[Exercise inputs]
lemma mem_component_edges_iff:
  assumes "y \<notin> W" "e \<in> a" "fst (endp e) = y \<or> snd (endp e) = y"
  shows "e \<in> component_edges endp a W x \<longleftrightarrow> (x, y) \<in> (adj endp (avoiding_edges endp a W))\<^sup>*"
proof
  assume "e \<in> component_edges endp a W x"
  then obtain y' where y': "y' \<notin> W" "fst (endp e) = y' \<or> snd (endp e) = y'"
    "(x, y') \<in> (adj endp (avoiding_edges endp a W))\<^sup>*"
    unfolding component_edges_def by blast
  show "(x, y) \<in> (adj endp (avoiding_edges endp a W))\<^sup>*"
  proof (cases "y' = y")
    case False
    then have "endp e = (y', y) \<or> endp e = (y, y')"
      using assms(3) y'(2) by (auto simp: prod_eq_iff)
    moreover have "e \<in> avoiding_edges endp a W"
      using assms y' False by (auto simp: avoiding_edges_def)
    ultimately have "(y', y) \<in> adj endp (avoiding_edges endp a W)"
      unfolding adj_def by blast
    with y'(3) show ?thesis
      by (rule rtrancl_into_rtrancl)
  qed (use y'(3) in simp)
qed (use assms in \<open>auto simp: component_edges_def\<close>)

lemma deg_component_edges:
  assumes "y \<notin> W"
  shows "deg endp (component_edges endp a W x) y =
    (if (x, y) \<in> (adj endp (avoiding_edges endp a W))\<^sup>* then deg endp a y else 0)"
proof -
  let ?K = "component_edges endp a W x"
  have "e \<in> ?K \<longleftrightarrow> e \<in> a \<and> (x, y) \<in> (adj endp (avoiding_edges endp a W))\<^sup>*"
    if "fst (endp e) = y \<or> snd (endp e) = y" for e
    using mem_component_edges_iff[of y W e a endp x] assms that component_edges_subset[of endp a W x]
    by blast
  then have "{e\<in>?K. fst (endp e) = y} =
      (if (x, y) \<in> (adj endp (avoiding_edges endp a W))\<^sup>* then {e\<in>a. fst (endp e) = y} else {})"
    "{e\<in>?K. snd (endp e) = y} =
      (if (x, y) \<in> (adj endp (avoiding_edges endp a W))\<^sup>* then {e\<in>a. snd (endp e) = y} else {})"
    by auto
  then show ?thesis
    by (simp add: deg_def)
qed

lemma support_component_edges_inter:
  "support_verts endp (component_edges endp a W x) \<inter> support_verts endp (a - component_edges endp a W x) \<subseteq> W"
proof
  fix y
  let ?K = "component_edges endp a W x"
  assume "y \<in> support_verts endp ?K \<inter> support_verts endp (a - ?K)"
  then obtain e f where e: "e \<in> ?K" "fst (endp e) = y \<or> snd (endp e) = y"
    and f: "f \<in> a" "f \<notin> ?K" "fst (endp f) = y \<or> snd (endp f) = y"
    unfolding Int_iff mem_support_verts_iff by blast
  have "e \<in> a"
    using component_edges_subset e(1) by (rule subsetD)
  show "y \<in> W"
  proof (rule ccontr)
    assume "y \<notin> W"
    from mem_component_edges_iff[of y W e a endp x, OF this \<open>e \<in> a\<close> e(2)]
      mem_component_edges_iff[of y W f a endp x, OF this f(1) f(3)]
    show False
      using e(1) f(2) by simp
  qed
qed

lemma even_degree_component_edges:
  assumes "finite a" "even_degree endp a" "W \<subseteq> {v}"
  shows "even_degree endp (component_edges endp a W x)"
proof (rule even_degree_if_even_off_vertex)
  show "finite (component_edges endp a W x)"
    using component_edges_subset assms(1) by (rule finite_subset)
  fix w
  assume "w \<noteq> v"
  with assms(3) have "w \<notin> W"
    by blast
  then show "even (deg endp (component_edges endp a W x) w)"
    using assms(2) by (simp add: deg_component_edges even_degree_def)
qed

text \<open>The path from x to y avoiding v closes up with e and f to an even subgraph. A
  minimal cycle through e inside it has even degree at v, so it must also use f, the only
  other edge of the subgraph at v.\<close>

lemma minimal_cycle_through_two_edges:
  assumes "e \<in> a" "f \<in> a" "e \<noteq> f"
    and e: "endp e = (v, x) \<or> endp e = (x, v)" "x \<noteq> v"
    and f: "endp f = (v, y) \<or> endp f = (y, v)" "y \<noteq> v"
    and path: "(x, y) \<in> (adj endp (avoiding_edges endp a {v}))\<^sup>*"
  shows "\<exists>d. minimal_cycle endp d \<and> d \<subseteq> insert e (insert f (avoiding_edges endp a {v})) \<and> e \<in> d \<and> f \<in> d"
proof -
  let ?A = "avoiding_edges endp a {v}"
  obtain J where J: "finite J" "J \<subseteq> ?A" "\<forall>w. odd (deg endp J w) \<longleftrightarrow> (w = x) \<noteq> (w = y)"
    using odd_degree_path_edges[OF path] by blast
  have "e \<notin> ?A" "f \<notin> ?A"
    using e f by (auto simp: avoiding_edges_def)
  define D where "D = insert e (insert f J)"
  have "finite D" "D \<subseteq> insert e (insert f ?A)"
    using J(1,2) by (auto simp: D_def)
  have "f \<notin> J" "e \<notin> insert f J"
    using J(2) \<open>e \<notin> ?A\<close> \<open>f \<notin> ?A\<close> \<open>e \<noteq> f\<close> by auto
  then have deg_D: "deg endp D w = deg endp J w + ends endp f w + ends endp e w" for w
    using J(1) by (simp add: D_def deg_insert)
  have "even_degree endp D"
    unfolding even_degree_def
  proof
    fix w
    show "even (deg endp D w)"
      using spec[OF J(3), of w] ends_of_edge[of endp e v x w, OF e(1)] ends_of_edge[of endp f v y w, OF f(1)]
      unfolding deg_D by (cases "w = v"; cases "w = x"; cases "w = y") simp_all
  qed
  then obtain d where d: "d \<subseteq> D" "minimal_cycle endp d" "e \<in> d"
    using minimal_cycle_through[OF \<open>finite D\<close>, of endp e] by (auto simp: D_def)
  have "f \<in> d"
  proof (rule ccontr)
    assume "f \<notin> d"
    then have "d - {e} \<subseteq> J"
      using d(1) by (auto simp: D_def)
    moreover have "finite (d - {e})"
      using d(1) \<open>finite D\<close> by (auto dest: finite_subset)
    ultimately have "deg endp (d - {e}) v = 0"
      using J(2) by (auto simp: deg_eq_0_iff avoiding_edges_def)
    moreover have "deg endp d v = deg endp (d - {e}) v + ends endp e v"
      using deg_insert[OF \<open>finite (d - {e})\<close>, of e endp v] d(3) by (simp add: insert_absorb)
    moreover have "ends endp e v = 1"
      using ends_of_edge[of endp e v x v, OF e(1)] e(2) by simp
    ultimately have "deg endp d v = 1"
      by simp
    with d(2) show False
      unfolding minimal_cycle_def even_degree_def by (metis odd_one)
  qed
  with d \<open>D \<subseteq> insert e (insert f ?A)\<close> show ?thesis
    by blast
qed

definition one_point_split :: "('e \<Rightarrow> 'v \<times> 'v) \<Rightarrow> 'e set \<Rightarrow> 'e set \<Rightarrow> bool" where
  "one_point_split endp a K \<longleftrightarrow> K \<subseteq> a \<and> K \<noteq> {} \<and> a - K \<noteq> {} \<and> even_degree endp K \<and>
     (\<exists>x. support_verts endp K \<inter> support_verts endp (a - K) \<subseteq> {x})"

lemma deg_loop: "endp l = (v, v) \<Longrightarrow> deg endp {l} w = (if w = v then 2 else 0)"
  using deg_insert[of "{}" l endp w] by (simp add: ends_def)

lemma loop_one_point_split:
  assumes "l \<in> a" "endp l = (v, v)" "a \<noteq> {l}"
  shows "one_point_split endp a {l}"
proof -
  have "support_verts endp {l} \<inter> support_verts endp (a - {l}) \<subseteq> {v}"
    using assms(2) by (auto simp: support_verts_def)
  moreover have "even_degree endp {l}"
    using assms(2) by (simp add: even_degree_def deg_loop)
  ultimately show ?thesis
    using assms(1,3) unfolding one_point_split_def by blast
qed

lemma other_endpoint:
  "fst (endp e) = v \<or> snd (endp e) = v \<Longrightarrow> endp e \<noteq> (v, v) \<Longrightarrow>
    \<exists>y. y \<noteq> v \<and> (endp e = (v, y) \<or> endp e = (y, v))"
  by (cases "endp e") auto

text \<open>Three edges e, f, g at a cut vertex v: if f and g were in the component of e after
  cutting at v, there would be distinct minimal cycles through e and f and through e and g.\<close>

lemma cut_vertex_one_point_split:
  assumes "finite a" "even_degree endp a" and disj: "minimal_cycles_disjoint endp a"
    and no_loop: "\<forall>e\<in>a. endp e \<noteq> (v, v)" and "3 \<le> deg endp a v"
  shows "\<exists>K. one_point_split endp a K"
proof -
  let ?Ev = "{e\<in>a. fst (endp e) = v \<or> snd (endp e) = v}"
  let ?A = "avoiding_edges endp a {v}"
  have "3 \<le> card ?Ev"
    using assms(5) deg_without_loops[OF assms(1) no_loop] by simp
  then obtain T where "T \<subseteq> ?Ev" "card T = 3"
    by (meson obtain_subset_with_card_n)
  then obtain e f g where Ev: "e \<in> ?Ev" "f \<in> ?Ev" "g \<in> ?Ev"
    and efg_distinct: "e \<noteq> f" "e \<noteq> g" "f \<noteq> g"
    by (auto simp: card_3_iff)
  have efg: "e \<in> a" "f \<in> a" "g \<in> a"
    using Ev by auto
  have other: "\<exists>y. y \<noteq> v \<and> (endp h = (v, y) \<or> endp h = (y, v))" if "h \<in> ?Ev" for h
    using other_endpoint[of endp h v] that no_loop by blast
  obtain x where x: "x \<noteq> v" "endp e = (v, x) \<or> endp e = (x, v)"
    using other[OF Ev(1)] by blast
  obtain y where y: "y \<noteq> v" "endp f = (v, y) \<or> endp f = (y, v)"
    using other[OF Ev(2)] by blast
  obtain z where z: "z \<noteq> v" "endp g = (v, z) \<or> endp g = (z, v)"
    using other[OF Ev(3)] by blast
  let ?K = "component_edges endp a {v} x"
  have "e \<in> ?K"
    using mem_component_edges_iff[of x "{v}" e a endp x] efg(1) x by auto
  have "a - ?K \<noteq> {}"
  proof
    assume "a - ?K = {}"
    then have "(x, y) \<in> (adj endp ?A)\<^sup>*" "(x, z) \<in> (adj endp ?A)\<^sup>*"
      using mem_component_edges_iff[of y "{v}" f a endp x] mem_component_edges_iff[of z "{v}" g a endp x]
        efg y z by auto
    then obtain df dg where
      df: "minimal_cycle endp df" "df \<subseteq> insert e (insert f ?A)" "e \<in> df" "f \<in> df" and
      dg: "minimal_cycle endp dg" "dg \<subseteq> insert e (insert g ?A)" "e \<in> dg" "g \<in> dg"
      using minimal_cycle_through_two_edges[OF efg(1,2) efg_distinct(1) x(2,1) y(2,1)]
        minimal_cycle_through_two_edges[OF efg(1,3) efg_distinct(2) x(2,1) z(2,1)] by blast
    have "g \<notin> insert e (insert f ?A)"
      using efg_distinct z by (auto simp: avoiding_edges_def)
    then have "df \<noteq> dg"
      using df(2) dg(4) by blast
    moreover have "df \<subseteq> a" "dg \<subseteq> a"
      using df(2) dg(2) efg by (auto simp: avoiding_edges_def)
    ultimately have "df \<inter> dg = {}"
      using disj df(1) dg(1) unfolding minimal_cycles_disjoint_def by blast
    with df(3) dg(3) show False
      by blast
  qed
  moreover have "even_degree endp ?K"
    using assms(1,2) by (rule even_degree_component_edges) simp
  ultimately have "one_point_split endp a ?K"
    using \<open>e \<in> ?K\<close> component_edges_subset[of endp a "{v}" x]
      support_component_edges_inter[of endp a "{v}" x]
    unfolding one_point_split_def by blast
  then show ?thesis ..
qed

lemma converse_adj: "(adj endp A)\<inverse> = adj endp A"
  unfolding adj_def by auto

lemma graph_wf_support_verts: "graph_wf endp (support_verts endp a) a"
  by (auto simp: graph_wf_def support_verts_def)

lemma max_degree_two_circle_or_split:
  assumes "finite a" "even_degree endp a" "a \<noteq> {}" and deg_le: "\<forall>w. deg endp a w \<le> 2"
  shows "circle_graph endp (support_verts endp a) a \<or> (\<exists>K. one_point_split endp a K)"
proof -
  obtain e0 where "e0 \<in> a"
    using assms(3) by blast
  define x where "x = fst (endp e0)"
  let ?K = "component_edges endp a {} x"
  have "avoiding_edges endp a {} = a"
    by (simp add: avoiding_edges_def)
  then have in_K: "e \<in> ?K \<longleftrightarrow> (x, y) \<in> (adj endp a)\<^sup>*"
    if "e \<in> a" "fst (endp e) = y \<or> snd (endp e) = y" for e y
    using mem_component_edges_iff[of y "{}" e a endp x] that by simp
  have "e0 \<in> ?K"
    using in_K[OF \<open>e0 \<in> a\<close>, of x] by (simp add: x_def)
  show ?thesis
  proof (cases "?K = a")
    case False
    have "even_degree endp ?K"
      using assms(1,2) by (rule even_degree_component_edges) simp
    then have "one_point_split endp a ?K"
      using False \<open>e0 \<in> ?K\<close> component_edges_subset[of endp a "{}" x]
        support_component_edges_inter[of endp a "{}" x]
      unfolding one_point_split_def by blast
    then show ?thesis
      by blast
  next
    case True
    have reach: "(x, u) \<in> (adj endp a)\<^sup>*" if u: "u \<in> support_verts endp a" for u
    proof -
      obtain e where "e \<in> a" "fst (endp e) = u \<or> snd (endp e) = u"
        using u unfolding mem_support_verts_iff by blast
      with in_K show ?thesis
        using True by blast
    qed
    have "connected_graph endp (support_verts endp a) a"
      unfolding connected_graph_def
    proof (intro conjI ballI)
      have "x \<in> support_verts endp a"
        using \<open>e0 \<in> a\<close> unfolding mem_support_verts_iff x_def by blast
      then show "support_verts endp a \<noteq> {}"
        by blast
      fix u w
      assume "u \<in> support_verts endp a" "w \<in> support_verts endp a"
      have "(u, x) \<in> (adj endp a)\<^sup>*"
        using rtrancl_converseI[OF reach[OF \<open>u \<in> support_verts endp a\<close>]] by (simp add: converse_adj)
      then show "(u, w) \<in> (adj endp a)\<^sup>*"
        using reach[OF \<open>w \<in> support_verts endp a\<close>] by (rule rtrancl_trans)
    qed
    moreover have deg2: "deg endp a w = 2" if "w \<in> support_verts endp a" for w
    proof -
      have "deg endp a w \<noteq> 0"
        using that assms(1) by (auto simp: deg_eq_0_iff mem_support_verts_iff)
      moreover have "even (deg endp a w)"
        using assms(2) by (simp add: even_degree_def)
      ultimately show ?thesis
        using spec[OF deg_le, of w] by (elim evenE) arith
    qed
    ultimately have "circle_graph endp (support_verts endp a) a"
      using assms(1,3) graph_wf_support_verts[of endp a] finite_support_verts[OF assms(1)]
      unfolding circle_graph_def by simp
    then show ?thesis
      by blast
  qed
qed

[Goal of the exercise] Starting with the line that holds "using disj df(1)" and ending with the line that holds "by (simp add: avoiding_edges_def)", retype every line in the data above exactly, and nothing else.

[Task solution]
      using disj df(1) dg(1) unfolding minimal_cycles_disjoint_def by blast
    with df(3) dg(3) show False
      by blast
  qed
  moreover have "even_degree endp ?K"
    using assms(1,2) by (rule even_degree_component_edges) simp
  ultimately have "one_point_split endp a ?K"
    using \<open>e \<in> ?K\<close> component_edges_subset[of endp a "{v}" x]
      support_component_edges_inter[of endp a "{v}" x]
    unfolding one_point_split_def by blast
  then show ?thesis ..
qed

lemma converse_adj: "(adj endp A)\<inverse> = adj endp A"
  unfolding adj_def by auto

lemma graph_wf_support_verts: "graph_wf endp (support_verts endp a) a"
  by (auto simp: graph_wf_def support_verts_def)

lemma max_degree_two_circle_or_split:
  assumes "finite a" "even_degree endp a" "a \<noteq> {}" and deg_le: "\<forall>w. deg endp a w \<le> 2"
  shows "circle_graph endp (support_verts endp a) a \<or> (\<exists>K. one_point_split endp a K)"
proof -
  obtain e0 where "e0 \<in> a"
    using assms(3) by blast
  define x where "x = fst (endp e0)"
  let ?K = "component_edges endp a {} x"
  have "avoiding_edges endp a {} = a"
    by (simp add: avoiding_edges_def)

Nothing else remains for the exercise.